Sofía chupaba mi verga con maestría, su boca caliente envolviéndome, lengua girando alrededor del glande hinchado. El sonido de succión era obsceno, húmedo, mezclado con mis gruñidos. "Está cañón tu pito, wey", jadeó, escupiendo saliva para lubricar. Cambiaron posiciones: yo de rodillas, penetrando a Valeria por detrás mientras Sofía se masturbaba viéndonos, sus dedos hundiéndose en su raja chorreante. El slap-slap de mi pelvis contra sus nalgas resonaba, piel contra piel ardiente y sudorosa. Valeria arqueaba la espalda, sus paredes vaginales apretándome como un puño de terciopelo. "Más fuerte, pendejo, rómpeme", suplicaba, voz quebrada de placer.
El calor subía, pulsos latiendo en mis sienes, olor a sexo impregnando la habitación. Sofía se unió, lamiendo donde nos uníamos, su lengua rozando mi verga y el clítoris de Valeria. Gemidos se volvían gritos: "¡Sí, chingame! ¡Me vengo!". Valeria explotó primero, su coño convulsionando, chorros calientes empapando las sábanas.
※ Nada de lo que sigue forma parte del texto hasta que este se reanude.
theorem lemma6:
  fixes N :: "('s, 't, 'a) net"
    and P Q :: "('e, 'a) poset"
    and \<sigma> :: "'e \<Rightarrow> 'e"
    and c1 c2 :: "('e, 'a, 's) cmarking"
  assumes "infinite (UNIV :: 'e set)"
    and "wf_net N"
    and "wf_poset P" and "wf_poset Q"
    and "iso P Q \<sigma>"
    and "pmarking N P c1" and "pmarking N P c2"
    and "ccbisimilar N P c1 c2"
  shows "ccbisimilar N Q (rename c1 \<sigma>) (rename c2 \<sigma>)"
proof -
  have "(rename c1 \<sigma>, rename c2 \<sigma>) \<in> renamed_ccbisimilar N Q"
    using assms(4,8) iso_imp_poset_iso[OF assms(5)] unfolding renamed_ccbisimilar_def by blast
  then show ?thesis
    using ccbisim_renamed_ccbisimilar[OF assms(1)] unfolding ccbisimilar_def by blast
qed

end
La volteé, ahora Sofía abriéndose de piernas, invitándome. La embestí profundo, sus uñas clavándose en mi espalda, dejando surcos rojos que ardían deliciosamente. Valeria besaba a Sofía, tetas frotándose, mientras yo las follaba alternando, el ritmo frenético como un tambor azteca.
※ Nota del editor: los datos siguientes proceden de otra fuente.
section \<open>Sampled words\<close>

lemma AE_sampled_words_between_exponents:
  fixes \<Omega> :: "'o measure" and p :: "bool list list \<Rightarrow> 'o \<Rightarrow> bool"
  assumes "prob_space \<Omega>" "0 \<le> \<eta>" "\<delta> > 0"
    and meas: "\<And>w. w \<in> allwords d \<Longrightarrow> {\<omega>\<in>space \<Omega>. p w \<omega>} \<in> sets \<Omega>"
    and prob: "\<And>w. w \<in> allwords d \<Longrightarrow>
      measure \<Omega> {\<omega>\<in>space \<Omega>. p w \<omega>} = 2 powr (- (real d * (1 - \<eta>) * real (length w)))"
  shows "AE \<omega> in \<Omega>. \<forall>\<^sub>F j in sequentially. \<forall>w\<in>words d j. p w \<omega> \<longrightarrow>
    real j * (Hl d \<mu> \<eta> - \<delta>) \<le> - log 2 (\<mu> w) \<and> - log 2 (\<mu> w) \<le> real j * (Hr d \<mu> \<eta> + \<delta>)"
proof -
  have none_sampled: "AE \<omega> in \<Omega>. \<forall>\<^sub>F j in sequentially. \<forall>w\<in>words d j. P j w \<longrightarrow> \<not> p w \<omega>"
    if "\<rho> > 0" and decay: "\<forall>\<^sub>F j in sequentially.
      real (card {w\<in>words d j. P j w}) \<le> 2 powr (real j * (real d * (1 - \<eta>) - \<rho>))" for P \<rho>
  proof -
    define B where "B j = {w\<in>words d j. P j w} \<inter> allwords d" for j
    have "finite (B j)" for j unfolding B_def using finite_words by auto
    have card_le: "real (card (B j)) \<le> real (card {w\<in>words d j. P j w})" for j
      unfolding B_def by (intro of_nat_mono card_mono) (auto intro: finite_subset[OF _ finite_words])
    have "\<forall>\<^sub>F j in sequentially. real (card (B j)) \<le> 2 powr (real j * (real d * (1 - \<eta>) - \<rho>))"
      using decay by (rule eventually_mono) (rule order_trans[OF card_le])
    then have "AE \<omega> in \<Omega>. \<forall>\<^sub>F j in sequentially. \<forall>w\<in>B j. \<not> p w \<omega>"
      using \<open>prob_space \<Omega>\<close> \<open>\<rho> > 0\<close> \<open>\<And>j. finite (B j)\<close> meas prob
      by (intro AE_eventually_none_sampled[where c = "real d * (1 - \<eta>)"])
        (auto simp: B_def words_def mult.commute)
    then show ?thesis
    proof (rule AE_mp, intro AE_I2 impI)
      fix \<omega> assume "\<forall>\<^sub>F j in sequentially. \<forall>w\<in>B j. \<not> p w \<omega>"
      then show "\<forall>\<^sub>F j in sequentially. \<forall>w\<in>words d j. P j w \<longrightarrow> \<not> p w \<omega>"
        using eventually_ge_at_top[of 1]
        by eventually_elim (use words_subset_allwords in \<open>auto simp: B_def\<close>)
    qed
  qed
  obtain \<rho>1 where "\<rho>1 > 0"
    and "\<forall>\<^sub>F j in sequentially. real (card {w\<in>words d j. - log 2 (\<mu> w) < real j * (Hl d \<mu> \<eta> - \<delta>)})
      \<le> 2 powr (real j * (real d * (1 - \<eta>) - \<rho>1))"
    using card_below_Hl_decay[OF assms(2,3)] by blast
  from none_sampled[OF this] have below:
    "AE \<omega> in \<Omega>. \<forall>\<^sub>F j in sequentially. \<forall>w\<in>words d j.
      - log 2 (\<mu> w) < real j * (Hl d \<mu> \<eta> - \<delta>) \<longrightarrow> \<not> p w \<omega>" .
  obtain \<rho>2 where "\<rho>2 > 0"
    and "\<forall>\<^sub>F j in sequentially. real (card {w\<in>words d j. real j * (Hr d \<mu> \<eta> + \<delta>) < - log 2 (\<mu> w)})
      \<le> 2 powr (real j * (real d * (1 - \<eta>) - \<rho>2))"
    using card_above_Hr_decay[OF assms(2,3)] by blast
  from none_sampled[OF this] have above:
    "AE \<omega> in \<Omega>. \<forall>\<^sub>F j in sequentially. \<forall>w\<in>words d j.
      real j * (Hr d \<mu> \<eta> + \<delta>) < - log 2 (\<mu> w) \<longrightarrow> \<not> p w \<omega>" .
  from below above show ?thesis
  proof eventually_elim
    case (elim \<omega>)
    from elim(1,2) show ?case by eventually_elim (auto simp: not_less[symmetric])
  qed
qed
La tensión psicológica era brutal: ¿podía complacer a estas reinas? Pero sus ojos, llenos de poder y entrega mutua, me empoderaban. "Eres nuestro rey esta noche", susurró Valeria, montándome ahora, rebotando con fuerza, pechos saltando hipnóticos. El clímax se acercaba, bolas apretadas, verga hinchada al límite.
Acto final: la liberación
Exploté dentro de Sofía, chorros calientes llenándola, su orgasmo ordeñándome hasta la última gota. Valeria se corrió frotándose contra nosotros, un trío de éxtasis compartido. Colapsamos en un enredo de miembros sudorosos, respiraciones jadeantes calmándose. El aire olía a semen, jugos y piel saciada. Besos suaves ahora, lenguas perezosas explorando labios hinchados.
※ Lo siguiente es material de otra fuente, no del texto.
(* Let $R$ be an $n\times n$ irreducible nonnegative matrix with positive left and right eigenvectors $u$ and $v$ for the PF eigenvalue $1$. Then for every positive integer $k$, \[ \phi(R^k)\le k\cdot\phi(R). \]
   Context: For a nonnegative matrix $M$ with $Mv=v$ and $M^Tu=u$ (this holds for $M=R^k$), define $\phi_S(M)=\langle\mathbf 1_S,D_uMD_v\mathbf 1_{\overline S}\rangle/\langle\mathbf 1_S,D_uMD_v\mathbf 1\rangle$ and $\phi(M)=\min\phi_S(M)$ over nonempty $S\subseteq[n]$ with $\sum_{i\in S}u_iv_i\le\frac12\sum_iu_iv_i$; here $D_x$ is the diagonal matrix with $x$ on its diagonal and $\mathbf 1_S$ the indicator vector of $S$. *)

theory Defs
  imports "HOL-Analysis.Analysis"
begin

primrec matpow :: "real^'n^'n \<Rightarrow> nat \<Rightarrow> real^'n^'n" where
  "matpow A 0 = mat 1"
| "matpow A (Suc m) = matpow A m ** A"

definition nonneg_matrix :: "real^'n^'n \<Rightarrow> bool" where
  "nonneg_matrix A \<longleftrightarrow> (\<forall>i j. A $ i $ j \<ge> 0)"

text \<open>Irreducible: the directed graph with an edge i -> j iff A i j > 0 is strongly
  connected, i.e. for all i j there is a path of positive length from i to j.\<close>
definition irreducible_matrix :: "real^'n^'n \<Rightarrow> bool" where
  "irreducible_matrix A \<longleftrightarrow> (\<forall>i j. \<exists>k>0. matpow A k $ i $ j > 0)"

definition phi_set :: "real^'n^'n \<Rightarrow> real^'n \<Rightarrow> real^'n \<Rightarrow> 'n set \<Rightarrow> real" where
  "phi_set M u v S =
     (\<Sum>i\<in>S. \<Sum>j\<in>- S. u $ i * M $ i $ j * v $ j) /
     (\<Sum>i\<in>S. \<Sum>j\<in>UNIV. u $ i * M $ i $ j * v $ j)"

definition admissible_sets :: "real^'n \<Rightarrow> real^'n \<Rightarrow> 'n set set" where
  "admissible_sets u v =
     {S. S \<noteq> {} \<and> (\<Sum>i\<in>S. u $ i * v $ i) \<le> (\<Sum>i\<in>UNIV. u $ i * v $ i) / 2}"

definition phi :: "real^'n^'n \<Rightarrow> real^'n \<Rightarrow> real^'n \<Rightarrow> real" where
  "phi M u v = Min (phi_set M u v ` admissible_sets u v)"

end

theory Submission
  imports Defs
begin

text \<open>
  Since \<open>R\<^sup>k v = v\<close>, the denominator of \<open>\<phi>\<^sub>S(R\<^sup>k)\<close> is \<open>\<Sum>\<^sub>i\<^sub>\<in>\<^sub>S u\<^sub>i v\<^sub>i\<close> for every \<open>k\<close>, so only
  the numerators, the weights of the cut \<open>(S, -S)\<close>, need comparing. Writing
  \<open>(AB)\<^sub>i\<^sub>j = \<Sum>\<^sub>l A\<^sub>i\<^sub>l B\<^sub>l\<^sub>j\<close>, a two-step path from \<open>S\<close> to \<open>-S\<close> crosses the cut either in
  its \<open>A\<close>-step (\<open>l \<notin> S\<close>) or in its \<open>B\<close>-step (\<open>l \<in> S\<close>); summing out the free end with
  \<open>B v = v\<close> resp. \<open>u\<^sup>T A = u\<^sup>T\<close> bounds the cut weight of \<open>AB\<close> by the sum of those of
  \<open>A\<close> and \<open>B\<close>. Induction on \<open>k\<close> and evaluation at a set attaining \<open>\<phi>(R)\<close> give the claim.
\<close>

definition cut_weight :: "real^'n^'n \<Rightarrow> real^'n \<Rightarrow> real^'n \<Rightarrow> 'n set \<Rightarrow> real" where
  "cut_weight M u v S = (\<Sum>i\<in>S. \<Sum>j\<in>- S. u $ i * M $ i $ j * v $ j)"

lemma nonneg_matrix_matpow: "nonneg_matrix R \<Longrightarrow> nonneg_matrix (matpow R k)"
  by (induction k)
    (auto simp: nonneg_matrix_def mat_def matrix_matrix_mult_def intro!: sum_nonneg)

lemma matpow_mult_fixed_vector: "R *v v = v \<Longrightarrow> matpow R k *v v = v"
  by (induction k) (simp_all add: matrix_vector_mul_lid flip: matrix_vector_mul_assoc)

lemma transpose_matpow_mult_fixed_vector:
  "transpose R *v u = u \<Longrightarrow> transpose (matpow R k) *v u = u"
  by (induction k)
    (simp_all add: transpose_mat matrix_vector_mul_lid matrix_transpose_mul
      flip: matrix_vector_mul_assoc)

lemma row_sum_eq_if_mult_fixed:
  fixes M :: "real^'n^'n"
  assumes "M *v v = v"
  shows "(\<Sum>j\<in>UNIV. M $ i $ j * v $ j) = v $ i"
  using arg_cong[OF assms, of "\<lambda>x. x $ i"] by (simp add: matrix_vector_mult_def)

lemma column_sum_eq_if_transpose_mult_fixed:
  fixes M :: "real^'n^'n"
  assumes "transpose M *v u = u"
  shows "(\<Sum>i\<in>UNIV. u $ i * M $ i $ j) = u $ j"
  using arg_cong[OF assms, of "\<lambda>x. x $ j"]
  by (simp add: matrix_vector_mult_def transpose_def mult.commute)

lemma cut_weight_mult_le:
  fixes A B :: "real^'n^'n" and u v :: "real^'n"
  assumes A: "nonneg_matrix A" and B: "nonneg_matrix B"
    and u: "\<forall>i. u $ i \<ge> 0" and v: "\<forall>i. v $ i \<ge> 0"
    and uA: "transpose A *v u = u" and Bv: "B *v v = v"
  shows "cut_weight (A ** B) u v S \<le> cut_weight A u v S + cut_weight B u v S"
proof -
  define g where "g i l j = u $ i * A $ i $ l * B $ l $ j * v $ j" for i l j
  have g_nonneg: "g i l j \<ge> 0" for i l j
    using A B u v by (simp add: g_def nonneg_matrix_def)
  have "u $ i * (A ** B) $ i $ j * v $ j = (\<Sum>l\<in>S. g i l j) + (\<Sum>l\<in>-S. g i l j)" for i j
    by (simp add: matrix_matrix_mult_def g_def sum_distrib_left sum_distrib_right mult.assoc
        flip: sum.union_disjoint[of S "-S", simplified Compl_partition])
  then have split: "cut_weight (A ** B) u v S =
      (\<Sum>i\<in>S. \<Sum>j\<in>-S. \<Sum>l\<in>S. g i l j) + (\<Sum>i\<in>S. \<Sum>j\<in>-S. \<Sum>l\<in>-S. g i l j)"
    by (simp add: cut_weight_def sum.distrib)
  have crossing_in_B: "(\<Sum>i\<in>S. \<Sum>j\<in>-S. \<Sum>l\<in>S. g i l j) \<le> cut_weight B u v S"
  proof -
    have "(\<Sum>i\<in>S. \<Sum>j\<in>-S. \<Sum>l\<in>S. g i l j) \<le> (\<Sum>i\<in>UNIV. \<Sum>j\<in>-S. \<Sum>l\<in>S. g i l j)"
      by (intro sum_mono2) (auto intro!: sum_nonneg g_nonneg)
    also have "\<dots> = (\<Sum>l\<in>S. \<Sum>j\<in>-S. (\<Sum>i\<in>UNIV. u $ i * A $ i $ l) * B $ l $ j * v $ j)"
      by (simp add: g_def sum_distrib_right sum.swap[of _ UNIV] sum.swap[of _ "-S" S])
    also have "\<dots> = cut_weight B u v S"
      by (simp add: cut_weight_def column_sum_eq_if_transpose_mult_fixed[OF uA])
    finally show ?thesis .
  qed
  have crossing_in_A: "(\<Sum>i\<in>S. \<Sum>j\<in>-S. \<Sum>l\<in>-S. g i l j) \<le> cut_weight A u v S"
  proof -
    have "(\<Sum>i\<in>S. \<Sum>j\<in>-S. \<Sum>l\<in>-S. g i l j) \<le> (\<Sum>i\<in>S. \<Sum>j\<in>UNIV. \<Sum>l\<in>-S. g i l j)"
      by (intro sum_mono sum_mono2) (auto intro!: sum_nonneg g_nonneg)
    also have "\<dots> = (\<Sum>i\<in>S. \<Sum>l\<in>-S. u $ i * A $ i $ l * (\<Sum>j\<in>UNIV. B $ l $ j * v $ j))"
      by (simp add: g_def sum_distrib_left mult.assoc sum.swap[of _ UNIV])
    also have "\<dots> = cut_weight A u v S"
      by (simp add: cut_weight_def row_sum_eq_if_mult_fixed[OF Bv])
    finally show ?thesis .
  qed
  show ?thesis
    using split crossing_in_A crossing_in_B by linarith
qed

lemma cut_weight_mat_1: "cut_weight (mat 1) u v S = 0"
  by (auto simp: cut_weight_def mat_def intro!: sum.neutral)

lemma cut_weight_matpow_le:
  fixes R :: "real^'n^'n" and u v :: "real^'n"
  assumes R: "nonneg_matrix R" and u: "\<forall>i. u $ i \<ge> 0" and v: "\<forall>i. v $ i \<ge> 0"
    and Rv: "R *v v = v" and uR: "transpose R *v u = u"
  shows "cut_weight (matpow R k) u v S \<le> real k * cut_weight R u v S"
proof (induction k)
  case 0
  then show ?case by (simp add: cut_weight_mat_1)
next
  case (Suc k)
  have "cut_weight (matpow R k ** R) u v S \<le> cut_weight (matpow R k) u v S + cut_weight R u v S"
    by (intro cut_weight_mult_le nonneg_matrix_matpow transpose_matpow_mult_fixed_vector assms)
  with Suc show ?case by (simp add: algebra_simps)
qed

lemma phi_set_eq_cut_weight_div:
  fixes M :: "real^'n^'n"
  assumes "M *v v = v"
  shows "phi_set M u v S = cut_weight M u v S / (\<Sum>i\<in>S. u $ i * v $ i)"
proof -
  have "(\<Sum>j\<in>UNIV. u $ i * M $ i $ j * v $ j) = u $ i * v $ i" for i
    using row_sum_eq_if_mult_fixed[OF assms, of i] by (simp add: mult.assoc flip: sum_distrib_left)
  then show ?thesis
    by (simp add: phi_set_def cut_weight_def)
qed

lemma admissible_sets_nonempty:
  fixes u v :: "real^'n"
  assumes "CARD('n) \<ge> 2" and u: "\<forall>i. u $ i \<ge> 0" and v: "\<forall>i. v $ i \<ge> 0"
  shows "admissible_sets u v \<noteq> {}"
proof -
  obtain a b :: 'n where "a \<noteq> b"
    using assms(1) card_le_Suc0_iff_eq[of "UNIV :: 'n set"] by force
  moreover have "u $ a * v $ a + u $ b * v $ b \<le> (\<Sum>i\<in>UNIV. u $ i * v $ i)"
    using sum_mono2[of UNIV "{a, b}" "\<lambda>i. u $ i * v $ i"] \<open>a \<noteq> b\<close> u v by simp
  ultimately have "{a} \<in> admissible_sets u v \<or> {b} \<in> admissible_sets u v"
    by (auto simp: admissible_sets_def)
  then show ?thesis by blast
qed

lemma phi_attained:
  assumes "admissible_sets u v \<noteq> {}"
  obtains S where "S \<in> admissible_sets u v" and "phi M u v = phi_set M u v S"
proof -
  have "phi M u v \<in> phi_set M u v ` admissible_sets u v"
    unfolding phi_def using assms by (intro Min_in) auto
  then show ?thesis
    using that by blast
qed

lemma phi_le_phi_set: "S \<in> admissible_sets u v \<Longrightarrow> phi M u v \<le> phi_set M u v S"
  by (simp add: phi_def)

theorem lemma3p13:
  fixes R :: "real^'n^'n" and u v :: "real^'n" and k :: nat
  assumes "CARD('n) \<ge> 2"
    and "nonneg_matrix R"
    and "irreducible_matrix R"
    and "\<forall>i. u $ i > 0" and "\<forall>i. v $ i > 0"
    and "R *v v = v" and "transpose R *v u = u"
    and "k \<ge> 1"
  shows "phi (matpow R k) u v \<le> real k * phi R u v"
proof -
  have u: "\<forall>i. u $ i \<ge> 0" and v: "\<forall>i. v $ i \<ge> 0"
    using assms(4,5) by (simp_all add: less_imp_le)
  obtain S where S: "S \<in> admissible_sets u v" and phi_R: "phi R u v = phi_set R u v S"
    using phi_attained admissible_sets_nonempty[OF assms(1) u v] by metis
  have "(\<Sum>i\<in>S. u $ i * v $ i) > 0"
    using S assms(4,5) by (intro sum_pos) (auto simp: admissible_sets_def)
  then have "cut_weight (matpow R k) u v S / (\<Sum>i\<in>S. u $ i * v $ i)
      \<le> real k * cut_weight R u v S / (\<Sum>i\<in>S. u $ i * v $ i)"
    by (intro divide_right_mono cut_weight_matpow_le assms(2,6,7) u v) simp
  then have "phi_set (matpow R k) u v S \<le> real k * phi_set R u v S"
    by (simp add: phi_set_eq_cut_weight_div assms(6) matpow_mult_fixed_vector)
  then show ?thesis
    using phi_le_phi_set[OF S, of "matpow R k"] unfolding phi_R by linarith
qed

end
Neta que esto fue un sueño. Estas actrices de pasion y poder me han marcado para siempre.
Nos duchamos juntos bajo el agua caliente, jabón resbalando por curvas perfectas, risas compartidas. Secos, envueltos en albornoz, brindamos con lo último del champagne. "Vuelve cuando quieras, Alejandro. Esto es solo el principio", dijo Valeria, su mano en mi mejilla. Sofía asintió, ojos brillantes. Salí al amanecer, la ciudad despertando, con el cuerpo dolorido pero el alma plena. En mi mente, sus gemidos resonaban, un eco de pasión eterna. Había probado el verdadero poder: el del deseo consensual, mutuo, arrollador.